Brazil’s Senate has agreed to delay a key vote on proposed gambling tax legislation, pushing the decision into 2026 as debate continues across the political and betting sectors.
The move affects PL 5,582/2025, commonly referred to as the Antifaction Bill, which includes a controversial 15% tax on player deposits made to licensed online betting platforms.
Lawmakers made the decision during a meeting on Monday, despite the proposal having support from both government and opposition figures.
The delay comes after the Senate plenary approved the bill last week, sending a signal that while there is appetite for reform, concerns remain about its economic impact.
What the Antifaction Bill Proposes
At the centre of the bill is the creation of the so-called CIDE-Bets tax, which would apply a 15% levy to every player deposit made with licensed operators.
Revenue raised through the measure would be directed to Brazil’s National Public Security Fund, with the government estimating annual proceeds of around BRL30 billion.
Officials have argued that the tax could help address gaps in the federal budget at a time of mounting fiscal pressure.
The legislation also seeks to revive the RERCT Litígio Zero Bets provision, which would require operators to pay a retrospective 15% tax on activities carried out between 2018 and 2024, before the market was formally regulated.
That element has proven particularly contentious among licensed operators already operating under Brazil’s new regulatory framework.
Political Reaction to the Delay
Explaining the decision to push the vote back, Workers’ Party leader Lindbergh Farias acknowledged the sensitivity of the issue.
“It’s a controversial topic that requires more debate,” Farias said.
By postponing the vote, lawmakers appear to be seeking additional time to assess the potential consequences for both consumers and the regulated betting market.
The delay also offers temporary relief to operators facing uncertainty over future tax obligations.
Industry Warnings Over Deposit Tax
The proposed CIDE-Bets tax has drawn strong criticism from the Brazilian Institute of Responsible Gaming (IBJR), which argues the measure could undermine the legal market.
According to the IBJR, taxing deposits rather than profits risks pushing players toward unlicensed operators that do not apply similar charges.
“By taxing the bettor’s deposit at 15%, the state decrees that BRL100 is only worth BRL85 in companies that follow the law,” the IBJR stated.
“In the black market, however, the same BRL100 is worth the full amount.

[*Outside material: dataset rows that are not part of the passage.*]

definition set_times :: "nat set \<Rightarrow> nat set \<Rightarrow> nat set" where
  "set_times A B = {a * b | a b. a \<in> A \<and> b \<in> B}"

definition set_div :: "nat set \<Rightarrow> nat set \<Rightarrow> nat set" where
  "set_div A B = {c. \<exists>a\<in>A. \<exists>b\<in>B - {0}. a = c * b}"

fun apply_op :: "op \<Rightarrow> nat set \<Rightarrow> nat set \<Rightarrow> nat set" where
  "apply_op Union A B = A \<union> B"
| "apply_op Inter A B = A \<inter> B"
| "apply_op Compl A B = UNIV - A"
| "apply_op Plus A B = set_plus A B"
| "apply_op Times A B = set_times A B"
| "apply_op Div A B = set_div A B"

fun preds :: "gate \<Rightarrow> nat list" where
  "preds (Inp a) = []"
| "preds (Cmp p) = [p]"
| "preds (Bin o' p q) = [p, q]"

definition wf_circuit :: "op set \<Rightarrow> circuit \<Rightarrow> bool" where
  "wf_circuit Ops C \<longleftrightarrow>
     distinct (map fst (gates C)) \<and>
     outg C \<in> set (map fst (gates C)) \<and>
     (\<forall>i < length (gates C).
        set (preds (snd (gates C ! i))) \<subseteq> set (map fst (take i (gates C))) \<and>
        (case snd (gates C ! i) of
           Inp a \<Rightarrow> True
         | Cmp p \<Rightarrow> Compl \<in> Ops
         | Bin o' p q \<Rightarrow> o' \<in> Ops \<and> o' \<noteq> Compl \<and> p \<le> q))"

fun eval_step :: "(nat \<Rightarrow> nat set) \<Rightarrow> nat \<times> gate \<Rightarrow> (nat \<Rightarrow> nat set)" where
  "eval_step env (g, Inp a) = env(g := {a})"
| "eval_step env (g, Cmp p) = env(g := UNIV - env p)"
| "eval_step env (g, Bin o' p q) = env(g := apply_op o' (env p) (env q))"

definition circuit_set :: "circuit \<Rightarrow> nat set" where
  "circuit_set C = foldl eval_step (\<lambda>_. {}) (gates C) (outg C)"

text \<open>Length of the binary representation of a natural number (bitlen 0 = 1).\<close>
fun bitlen :: "nat \<Rightarrow> nat" where
  "bitlen n = (if n < 2 then 1 else 1 + bitlen (n div 2))"

fun label_len :: "gate \<Rightarrow> nat" where
  "label_len (Inp a) = bitlen a"
| "label_len (Cmp p) = 1"
| "label_len (Bin o' p q) = 1"

text \<open>|C|: each gate encoded as (name, label, predecessor list), numbers in binary.\<close>
definition gate_size :: "nat \<times> gate \<Rightarrow> nat" where
  "gate_size g = bitlen (fst g) + label_len (snd g) + sum_list (map bitlen (preds (snd g)))"

definition circuit_size :: "circuit \<Rightarrow> nat" where
  "circuit_size C = sum_list (map gate_size (gates C))"

end

theory Submission
  imports Defs
begin

text \<open>Membership in the value of every gate is constant beyond some threshold. A singleton
  \<open>{a}\<close> has threshold \<open>a + 1\<close>; complement keeps the threshold, and union, intersection,
  division and addition do not exceed the sum of the thresholds of their arguments. For
  addition: if \<open>S\<close> is eventually full then every large \<open>z\<close> is \<open>(z - b) + b\<close> with \<open>b \<in> T\<close>
  below its threshold, and otherwise all sums of elements below the thresholds stay below
  their sum. (Multiplication is the one operation without such a bound.) Evaluating the
  circuit gate by gate, a common bound \<open>2^k\<close> on the thresholds of all gates evaluated so far
  thus becomes \<open>2^(k + |g|)\<close> after gate \<open>g\<close>, because \<open>|g| \<ge> 1\<close> and an input gate labelled
  \<open>a\<close> has threshold \<open>a + 1 \<le> 2^bitlen a\<close>; hence the output is constant from some
  \<open>n \<le> 2^|C|\<close> on.\<close>

definition stable_from :: "nat set \<Rightarrow> nat \<Rightarrow> bool" where
  "stable_from S t \<longleftrightarrow> (\<forall>z\<ge>t. z \<in> S \<longleftrightarrow> t \<in> S)"
lemma br_wr_basis_wr_t:
  assumes "i < n"
  shows "br (wreath m n) (wr_basis k \<alpha>) (wr_t i) = (wr_basis k (\<alpha>(i := Suc (\<alpha> i))) :: 'k::field wr_elem)"
proof -
  have "wr_act n b (snd (wr_t i)) = shift_coeffs i b" for b :: "'k coeffs"
    using assms by (simp add: wr_act_eq_sum wr_t_def if_distrib[where f="\<lambda>c. c * _"] cong: if_cong)
  moreover have "shift_coeffs i (fst (wr_basis k \<alpha> :: 'k wr_elem)) = fst (wr_basis k (\<alpha>(i := Suc (\<alpha> i))) :: 'k wr_elem)"
    using decr_eq_iff_eq_incr[of _ i \<alpha>] by (auto simp: shift_coeffs_def wr_basis_def fun_eq_iff)
  ultimately show ?thesis
    by (simp add: wr_basis_def wr_t_def)
qed

lemma wreath_lsum:
  assumes "finite A" "\<And>x. x \<in> A \<Longrightarrow> g x \<in> car (wreath m n)"
  shows "wreath.lsum m n g A = (\<lambda>k \<alpha>. \<Sum>x\<in>A. fst (g x) k \<alpha>, \<lambda>i. \<Sum>x\<in>A. snd (g x) i)"
  using assms
proof (induction A rule: finite_induct)
  case (insert a A)
  then have "wreath.lsum m n g (insert a A) = add (wreath m n) (g a) (wreath.lsum m n g A)"
    by (intro wreath.lsum_insert) auto
  with insert show ?case
    by simp
qed simp

lemma exponent_vector_induct [consumes 1, case_names zero incr]:
  fixes \<alpha> :: "nat \<Rightarrow> nat"
  assumes "\<forall>j\<ge>n. \<alpha> j = 0"
    and zero: "P (\<lambda>_. 0)"
    and incr: "\<And>\<alpha> i. i < n \<Longrightarrow> \<forall>j\<ge>n. \<alpha> j = 0 \<Longrightarrow> P \<alpha> \<Longrightarrow> P (\<alpha>(i := Suc (\<alpha> i)))"
  shows "P \<alpha>"
proof -
  have "P \<alpha>" if "\<forall>j\<ge>n. \<alpha> j = 0" "sum \<alpha> {..<n} = N" for \<alpha> N
    using that
  proof (induction N arbitrary: \<alpha>)
    case 0
    then have "\<alpha> j = 0" for j
      by (cases "j < n") auto
    then have "\<alpha> = (\<lambda>_. 0)"
      by auto
    with zero show ?case by simp
  next
    case (Suc N)
    then obtain i where i: "i < n" "0 < \<alpha> i"
      by (metis finite_lessThan gr0I lessThan_iff nat.distinct(1) sum_eq_0_iff)
    define \<alpha>' where "\<alpha>' = \<alpha>(i := \<alpha> i - 1)"
    have \<alpha>: "\<alpha> = \<alpha>'(i := Suc (\<alpha>' i))"
      using i by (auto simp: \<alpha>'_def fun_eq_iff)
    have "sum \<alpha>' {..<n} = N"
      using Suc.prems i by (simp add: \<alpha>'_def sum.remove[of _ i] sum.cong[of _ _ \<alpha>' \<alpha>])
    moreover have "\<forall>j\<ge>n. \<alpha>' j = 0"
      using Suc.prems i by (simp add: \<alpha>'_def)
    ultimately show ?case
      unfolding \<alpha> using Suc.IH i incr by blast
  qed
  with assms(1) show ?thesis by blast
qed

lemma wr_basis_in_subalgebra:
  fixes S :: "'k::field wr_elem set"
  assumes S: "lie_subalgebra (wreath m n) S" and gens: "wr_a ` {..<m} \<union> wr_t ` {..<n} \<subseteq> S"
    and "k < m" "\<forall>j\<ge>n. \<alpha> j = 0"
  shows "wr_basis k \<alpha> \<in> S"
  using assms(4)
proof (induction \<alpha> rule: exponent_vector_induct)
  case zero
  with gens \<open>k < m\<close> show ?case
    by (auto simp: wr_basis_zero)
next
  case (incr \<alpha> i)
  with S gens show ?case
    unfolding lie_subalgebra_def by (metis br_wr_basis_wr_t image_subset_iff le_supE lessThan_iff)
qed

lemma sum_coeff_supp_delta:
  fixes b :: "'k::field coeffs"
  assumes "finite (coeff_supp b)"
  shows "(\<Sum>p\<in>coeff_supp b. b (fst p) (snd p) * (if k = fst p \<and> \<alpha> = snd p then 1 else 0)) = b k \<alpha>"
proof -
  have "(\<Sum>p\<in>coeff_supp b. b (fst p) (snd p) * (if k = fst p \<and> \<alpha> = snd p then 1 else 0))
      = (\<Sum>p\<in>coeff_supp b. if p = (k, \<alpha>) then b k \<alpha> else 0)"
    by (intro sum.cong) auto
  also have "\<dots> = (if (k, \<alpha>) \<in> coeff_supp b then b k \<alpha> else 0)"
    using assms by simp
  also have "\<dots> = b k \<alpha>"
    by (simp add: coeff_supp_def)
  finally show ?thesis .
qed

lemma wreath_decompose:
  assumes x: "x \<in> wr_carrier m n"
  shows "x = add (wreath m n)
      (wreath.lsum m n (\<lambda>p. smul (wreath m n) (fst x (fst p) (snd p)) (wr_basis (fst p) (snd p)))
        (coeff_supp (fst x)))
      (wreath.lsum m n (\<lambda>i. smul (wreath m n) (snd x i) (wr_t i)) {..<n})"
proof -
  have fin: "finite (coeff_supp (fst x))" and s: "\<And>i. snd x i \<noteq> 0 \<Longrightarrow> i < n"
    using x by (auto simp: wr_carrier_iff base_coeffs_def)
  have basis: "smul (wreath m n) (fst x (fst p) (snd p)) (wr_basis (fst p) (snd p)) \<in> car (wreath m n)"
    if "p \<in> coeff_supp (fst x)" for p
  proof (rule wreath.smul_closed)
    show "wr_basis (fst p) (snd p) \<in> car (wreath m n)"
      unfolding wreath_simps using that x
      by (intro wr_basis_closed) (auto simp: wr_carrier_iff base_coeffs_def coeff_supp_def)
  qed
  have t: "smul (wreath m n) (snd x i) (wr_t i) \<in> car (wreath m n)" if "i \<in> {..<n}" for i
    using that by (intro wreath.smul_closed) (simp add: wr_t_closed)
  have "wreath.lsum m n (\<lambda>p. smul (wreath m n) (fst x (fst p) (snd p)) (wr_basis (fst p) (snd p)))
      (coeff_supp (fst x)) = (fst x, \<lambda>i. 0)"
    using wreath_lsum[where g = "\<lambda>p. smul (wreath m n) (fst x (fst p) (snd p)) (wr_basis (fst p) (snd p))",
        OF fin basis]
    by (simp add: wr_basis_def sum_coeff_supp_delta[OF fin])
  moreover have "wreath.lsum m n (\<lambda>i. smul (wreath m n) (snd x i) (wr_t i)) {..<n} = (\<lambda>k \<alpha>. 0, snd x)"
    using wreath_lsum[where g = "\<lambda>i. smul (wreath m n) (snd x i) (wr_t i)", OF finite_lessThan t] s
    by (auto simp: wr_t_def fun_eq_iff if_distrib[where f="\<lambda>c. _ * c"] cong: if_cong)
  ultimately show ?thesis
    by simp
qed

lemma lie_generates_wreath:
  "lie_generates (wreath m n :: ('k::field, 'k wr_elem) lie_alg) (wr_a ` {..<m} \<union> wr_t ` {..<n})"
  unfolding lie_generates_def
proof (intro conjI allI impI)
  show "wr_a ` {..<m} \<union> wr_t ` {..<n} \<subseteq> (car (wreath m n) :: 'k wr_elem set)"
    using wr_a_closed wr_t_closed by auto
  fix S :: "'k wr_elem set"
  assume "lie_subalgebra (wreath m n) S \<and> wr_a ` {..<m} \<union> wr_t ` {..<n} \<subseteq> S"
  then have S: "lie_subalgebra (wreath m n) S" and gens: "wr_a ` {..<m} \<union> wr_t ` {..<n} \<subseteq> S"
    by auto
  show "car (wreath m n) \<subseteq> S"
  proof
    fix x :: "'k wr_elem"
    assume x: "x \<in> car (wreath m n)"
    have add_S: "add (wreath m n) u v \<in> S" if "u \<in> S" "v \<in> S" for u v
      using S that unfolding lie_subalgebra_def by blast
    have smul_S: "smul (wreath m n) c u \<in> S" if "u \<in> S" for c u
      using S that unfolding lie_subalgebra_def by blast
    have "wr_basis (fst p) (snd p) \<in> S" if "p \<in> coeff_supp (fst x)" for p
      using that x by (intro wr_basis_in_subalgebra[OF S gens])
        (auto simp: wr_carrier_iff base_coeffs_def coeff_supp_def)
    then have "wreath.lsum m n (\<lambda>p. smul (wreath m n) (fst x (fst p) (snd p)) (wr_basis (fst p) (snd p)))
        (coeff_supp (fst x)) \<in> S"
      by (intro wreath.lsum_in_subalgebra[OF S] smul_S)
    moreover have "wreath.lsum m n (\<lambda>i. smul (wreath m n) (snd x i) (wr_t i)) {..<n} \<in> S"
      using gens by (intro wreath.lsum_in_subalgebra[OF S] smul_S) auto
    ultimately show "x \<in> S"
      using x by (subst wreath_decompose[of x m n]) (simp_all only: add_S wreath_simps(1))
  qed
qed

section \<open>The universal homomorphism\<close>

context wreath_relations_lie
begin

definition base_map :: "'k coeffs \<Rightarrow> 'a" where
  "base_map b = lsum (\<lambda>p. smul L (b (fst p) (snd p)) (monomial (fst p) (snd p))) (coeff_supp b)"

definition top_map :: "(nat \<Rightarrow> 'k) \<Rightarrow> 'a" where
  "top_map s = lsum (\<lambda>i. smul L (s i) (t i)) {..<n}"

definition lift :: "'k wr_elem \<Rightarrow> 'a" where
  "lift x = add L (base_map (fst x)) (top_map (snd x))"

lemma coeff_supp_bounded: "base_coeffs m n b \<Longrightarrow> p \<in> coeff_supp b \<Longrightarrow> fst p < m"
  by (auto simp: base_coeffs_def coeff_supp_def)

This is a direct incentive to migrate to the illegal market.”
The organisation also questioned the government’s revenue projections.
“Furthermore, the measure is based on a non-existent financial premise,” the IBJR said. “It claims to collect BRL30 billion annually from a formal market that currently generates around BRL36 billion.”
“Therefore, it projects collecting in taxes almost equivalent to the entire revenue of the regulated sector, which is mathematically impossible and renders formal economic activity unviable.”
Colombia Highlighted as a Warning Sign
Industry groups have pointed to Colombia as an example of how deposit taxes can backfire.
Earlier this year, Colombia introduced a 19% value-added tax on player deposits.
In the months following its introduction, the Colombian Federation of Gaming Entrepreneurs warned that online gross gaming revenue had fallen by around 30%.
Brazilian stakeholders fear a similar outcome if deposit-based taxation is implemented domestically.
Additional Tax Pressures Loom
The postponement follows another proposal that has raised alarms within the betting sector.
PL 5,473/2025 would gradually increase operator taxes from 12% to 15% in 2026 and 2027, before rising again to 18% in 2028.
Although approved by the Senate’s Economic Affairs Committee earlier this month, the bill has been held up after an appeal triggered further Senate review.
With the government recess approaching, both measures are now unlikely to progress before the end of the year.